YOUR ASSIGNMENT —
Copy out the entries exactly, from the first line to the last.

═════ EXERCISE INPUT

(* Every uniform, non-singular, IC-pseudo injective right $R$-module is quasi-pseudo principally injective.
   Context: All rings are associative with identity and all modules are unitary right $R$-modules. A nonzero module $U$ is uniform if every nonzero submodule of $U$ is essential in $U$. For a module $M$, $Z(M)=\{x\in M: xI=0$ for some essential right ideal $I$ of $R\}$; $M$ is non-singular if $Z(M)=0$. A submodule $A$ of $M$ is closed if it has no proper essential extension inside $M$. For modules $M,N$, $N$ is IC-pseudo $M$-injective if for every submodule $A$ of $M$ that is isomorphic to a closed submodule of $M$, every $R$-monomorphism $A\to N$ extends to an $R$-homomorphism $M\to N$; $M$ is IC-pseudo injective if it is IC-pseudo $M$-injective. A submodule $N$ of $M$ is $M$-cyclic if $N\cong M/L$ for some submodule $L$ of $M$ (equivalently, $N$ is the image of an endomorphism of $M$). $M$ is quasi-pseudo principally injective if for every $M$-cyclic submodule $A$ of $M$, every $R$-monomorphism $A\to M$ extends to an $R$-endomorphism of $M$. *)

theory Defs
  imports "HOL-Algebra.Ring"
begin

text \<open>Right modules over an arbitrary (not necessarily commutative) ring R.
  HOL-Algebra's module locale requires a commutative ring, so right modules are
  defined here directly.\<close>

record ('r, 'm) rmodule = "'m ring" +
  rsmult :: "'m \<Rightarrow> 'r \<Rightarrow> 'm"

locale right_module =
  R: ring R + M: abelian_group M
  for R :: "('r, 'a) ring_scheme" and M :: "('r, 'm, 'b) rmodule_scheme" +
  assumes rsmult_closed:
      "\<lbrakk> x \<in> carrier M; r \<in> carrier R \<rbrakk> \<Longrightarrow> rsmult M x r \<in> carrier M"
    and rsmult_add_left:
      "\<lbrakk> x \<in> carrier M; y \<in> carrier M; r \<in> carrier R \<rbrakk> \<Longrightarrow>
         rsmult M (x \<oplus>\<^bsub>M\<^esub> y) r = rsmult M x r \<oplus>\<^bsub>M\<^esub> rsmult M y r"
    and rsmult_add_right:
      "\<lbrakk> x \<in> carrier M; r \<in> carrier R; s \<in> carrier R \<rbrakk> \<Longrightarrow>
         rsmult M x (r \<oplus>\<^bsub>R\<^esub> s) = rsmult M x r \<oplus>\<^bsub>M\<^esub> rsmult M x s"
    and rsmult_assoc:
      "\<lbrakk> x \<in> carrier M; r \<in> carrier R; s \<in> carrier R \<rbrakk> \<Longrightarrow>
         rsmult M x (r \<otimes>\<^bsub>R\<^esub> s) = rsmult M (rsmult M x r) s"
    and rsmult_one:
      "x \<in> carrier M \<Longrightarrow> rsmult M x \<one>\<^bsub>R\<^esub> = x"

definition submod :: "('r, 'a) ring_scheme \<Rightarrow> ('r, 'm, 'b) rmodule_scheme \<Rightarrow> 'm set \<Rightarrow> bool" where
  "submod R M N \<longleftrightarrow> N \<subseteq> carrier M \<and> \<zero>\<^bsub>M\<^esub> \<in> N
     \<and> (\<forall>x\<in>N. \<forall>y\<in>N. x \<oplus>\<^bsub>M\<^esub> y \<in> N)
     \<and> (\<forall>x\<in>N. \<ominus>\<^bsub>M\<^esub> x \<in> N)
     \<and> (\<forall>x\<in>N. \<forall>r\<in>carrier R. rsmult M x r \<in> N)"

definition essential_in :: "('r, 'a) ring_scheme \<Rightarrow> ('r, 'm, 'b) rmodule_scheme \<Rightarrow> 'm set \<Rightarrow> 'm set \<Rightarrow> bool" where
  "essential_in R M A B \<longleftrightarrow> submod R M A \<and> submod R M B \<and> A \<subseteq> B
     \<and> (\<forall>C. submod R M C \<and> C \<subseteq> B \<and> C \<noteq> {\<zero>\<^bsub>M\<^esub>} \<longrightarrow> C \<inter> A \<noteq> {\<zero>\<^bsub>M\<^esub>})"

definition uniform_mod :: "('r, 'a) ring_scheme \<Rightarrow> ('r, 'm, 'b) rmodule_scheme \<Rightarrow> bool" where
  "uniform_mod R M \<longleftrightarrow> carrier M \<noteq> {\<zero>\<^bsub>M\<^esub>}
     \<and> (\<forall>U. submod R M U \<and> U \<noteq> {\<zero>\<^bsub>M\<^esub>} \<longrightarrow> essential_in R M U (carrier M))"

definition right_ideal :: "'r set \<Rightarrow> ('r, 'a) ring_scheme \<Rightarrow> bool" where
  "right_ideal I R \<longleftrightarrow> I \<subseteq> carrier R \<and> \<zero>\<^bsub>R\<^esub> \<in> I
     \<and> (\<forall>x\<in>I. \<forall>y\<in>I. x \<oplus>\<^bsub>R\<^esub> y \<in> I)
     \<and> (\<forall>x\<in>I. \<ominus>\<^bsub>R\<^esub> x \<in> I)
     \<and> (\<forall>x\<in>I. \<forall>r\<in>carrier R. x \<otimes>\<^bsub>R\<^esub> r \<in> I)"

definition essential_right_ideal :: "'r set \<Rightarrow> ('r, 'a) ring_scheme \<Rightarrow> bool" where
  "essential_right_ideal I R \<longleftrightarrow> right_ideal I R
     \<and> (\<forall>J. right_ideal J R \<and> J \<noteq> {\<zero>\<^bsub>R\<^esub>} \<longrightarrow> J \<inter> I \<noteq> {\<zero>\<^bsub>R\<^esub>})"

definition singular_sub :: "('r, 'a) ring_scheme \<Rightarrow> ('r, 'm, 'b) rmodule_scheme \<Rightarrow> 'm set" where
  "singular_sub R M = {x \<in> carrier M. \<exists>I. essential_right_ideal I R
                                         \<and> (\<forall>a\<in>I. rsmult M x a = \<zero>\<^bsub>M\<^esub>)}"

══════════

YOUR SOLUTION —
(* Every uniform, non-singular, IC-pseudo injective right $R$-module is quasi-pseudo principally injective.
   Context: All rings are associative with identity and all modules are unitary right $R$-modules. A nonzero module $U$ is uniform if every nonzero submodule of $U$ is essential in $U$. For a module $M$, $Z(M)=\{x\in M: xI=0$ for some essential right ideal $I$ of $R\}$; $M$ is non-singular if $Z(M)=0$. A submodule $A$ of $M$ is closed if it has no proper essential extension inside $M$. For modules $M,N$, $N$ is IC-pseudo $M$-injective if for every submodule $A$ of $M$ that is isomorphic to a closed submodule of $M$, every $R$-monomorphism $A\to N$ extends to an $R$-homomorphism $M\to N$; $M$ is IC-pseudo injective if it is IC-pseudo $M$-injective. A submodule $N$ of $M$ is $M$-cyclic if $N\cong M/L$ for some submodule $L$ of $M$ (equivalently, $N$ is the image of an endomorphism of $M$). $M$ is quasi-pseudo principally injective if for every $M$-cyclic submodule $A$ of $M$, every $R$-monomorphism $A\to M$ extends to an $R$-endomorphism of $M$. *)

theory Defs
  imports "HOL-Algebra.Ring"
begin

text \<open>Right modules over an arbitrary (not necessarily commutative) ring R.
  HOL-Algebra's module locale requires a commutative ring, so right modules are
  defined here directly.\<close>

record ('r, 'm) rmodule = "'m ring" +
  rsmult :: "'m \<Rightarrow> 'r \<Rightarrow> 'm"

locale right_module =
  R: ring R + M: abelian_group M
  for R :: "('r, 'a) ring_scheme" and M :: "('r, 'm, 'b) rmodule_scheme" +
  assumes rsmult_closed:
      "\<lbrakk> x \<in> carrier M; r \<in> carrier R \<rbrakk> \<Longrightarrow> rsmult M x r \<in> carrier M"
    and rsmult_add_left:
      "\<lbrakk> x \<in> carrier M; y \<in> carrier M; r \<in> carrier R \<rbrakk> \<Longrightarrow>
         rsmult M (x \<oplus>\<^bsub>M\<^esub> y) r = rsmult M x r \<oplus>\<^bsub>M\<^esub> rsmult M y r"
    and rsmult_add_right:
      "\<lbrakk> x \<in> carrier M; r \<in> carrier R; s \<in> carrier R \<rbrakk> \<Longrightarrow>
         rsmult M x (r \<oplus>\<^bsub>R\<^esub> s) = rsmult M x r \<oplus>\<^bsub>M\<^esub> rsmult M x s"
    and rsmult_assoc:
      "\<lbrakk> x \<in> carrier M; r \<in> carrier R; s \<in> carrier R \<rbrakk> \<Longrightarrow>
         rsmult M x (r \<otimes>\<^bsub>R\<^esub> s) = rsmult M (rsmult M x r) s"
    and rsmult_one:
      "x \<in> carrier M \<Longrightarrow> rsmult M x \<one>\<^bsub>R\<^esub> = x"

definition submod :: "('r, 'a) ring_scheme \<Rightarrow> ('r, 'm, 'b) rmodule_scheme \<Rightarrow> 'm set \<Rightarrow> bool" where
  "submod R M N \<longleftrightarrow> N \<subseteq> carrier M \<and> \<zero>\<^bsub>M\<^esub> \<in> N
     \<and> (\<forall>x\<in>N. \<forall>y\<in>N. x \<oplus>\<^bsub>M\<^esub> y \<in> N)
     \<and> (\<forall>x\<in>N. \<ominus>\<^bsub>M\<^esub> x \<in> N)
     \<and> (\<forall>x\<in>N. \<forall>r\<in>carrier R. rsmult M x r \<in> N)"

definition essential_in :: "('r, 'a) ring_scheme \<Rightarrow> ('r, 'm, 'b) rmodule_scheme \<Rightarrow> 'm set \<Rightarrow> 'm set \<Rightarrow> bool" where
  "essential_in R M A B \<longleftrightarrow> submod R M A \<and> submod R M B \<and> A \<subseteq> B
     \<and> (\<forall>C. submod R M C \<and> C \<subseteq> B \<and> C \<noteq> {\<zero>\<^bsub>M\<^esub>} \<longrightarrow> C \<inter> A \<noteq> {\<zero>\<^bsub>M\<^esub>})"

definition uniform_mod :: "('r, 'a) ring_scheme \<Rightarrow> ('r, 'm, 'b) rmodule_scheme \<Rightarrow> bool" where
  "uniform_mod R M \<longleftrightarrow> carrier M \<noteq> {\<zero>\<^bsub>M\<^esub>}
     \<and> (\<forall>U. submod R M U \<and> U \<noteq> {\<zero>\<^bsub>M\<^esub>} \<longrightarrow> essential_in R M U (carrier M))"

definition right_ideal :: "'r set \<Rightarrow> ('r, 'a) ring_scheme \<Rightarrow> bool" where
  "right_ideal I R \<longleftrightarrow> I \<subseteq> carrier R \<and> \<zero>\<^bsub>R\<^esub> \<in> I
     \<and> (\<forall>x\<in>I. \<forall>y\<in>I. x \<oplus>\<^bsub>R\<^esub> y \<in> I)
     \<and> (\<forall>x\<in>I. \<ominus>\<^bsub>R\<^esub> x \<in> I)
     \<and> (\<forall>x\<in>I. \<forall>r\<in>carrier R. x \<otimes>\<^bsub>R\<^esub> r \<in> I)"

definition essential_right_ideal :: "'r set \<Rightarrow> ('r, 'a) ring_scheme \<Rightarrow> bool" where
  "essential_right_ideal I R \<longleftrightarrow> right_ideal I R
     \<and> (\<forall>J. right_ideal J R \<and> J \<noteq> {\<zero>\<^bsub>R\<^esub>} \<longrightarrow> J \<inter> I \<noteq> {\<zero>\<^bsub>R\<^esub>})"

definition singular_sub :: "('r, 'a) ring_scheme \<Rightarrow> ('r, 'm, 'b) rmodule_scheme \<Rightarrow> 'm set" where
  "singular_sub R M = {x \<in> carrier M. \<exists>I. essential_right_ideal I R
                                         \<and> (\<forall>a\<in>I. rsmult M x a = \<zero>\<^bsub>M\<^esub>)}"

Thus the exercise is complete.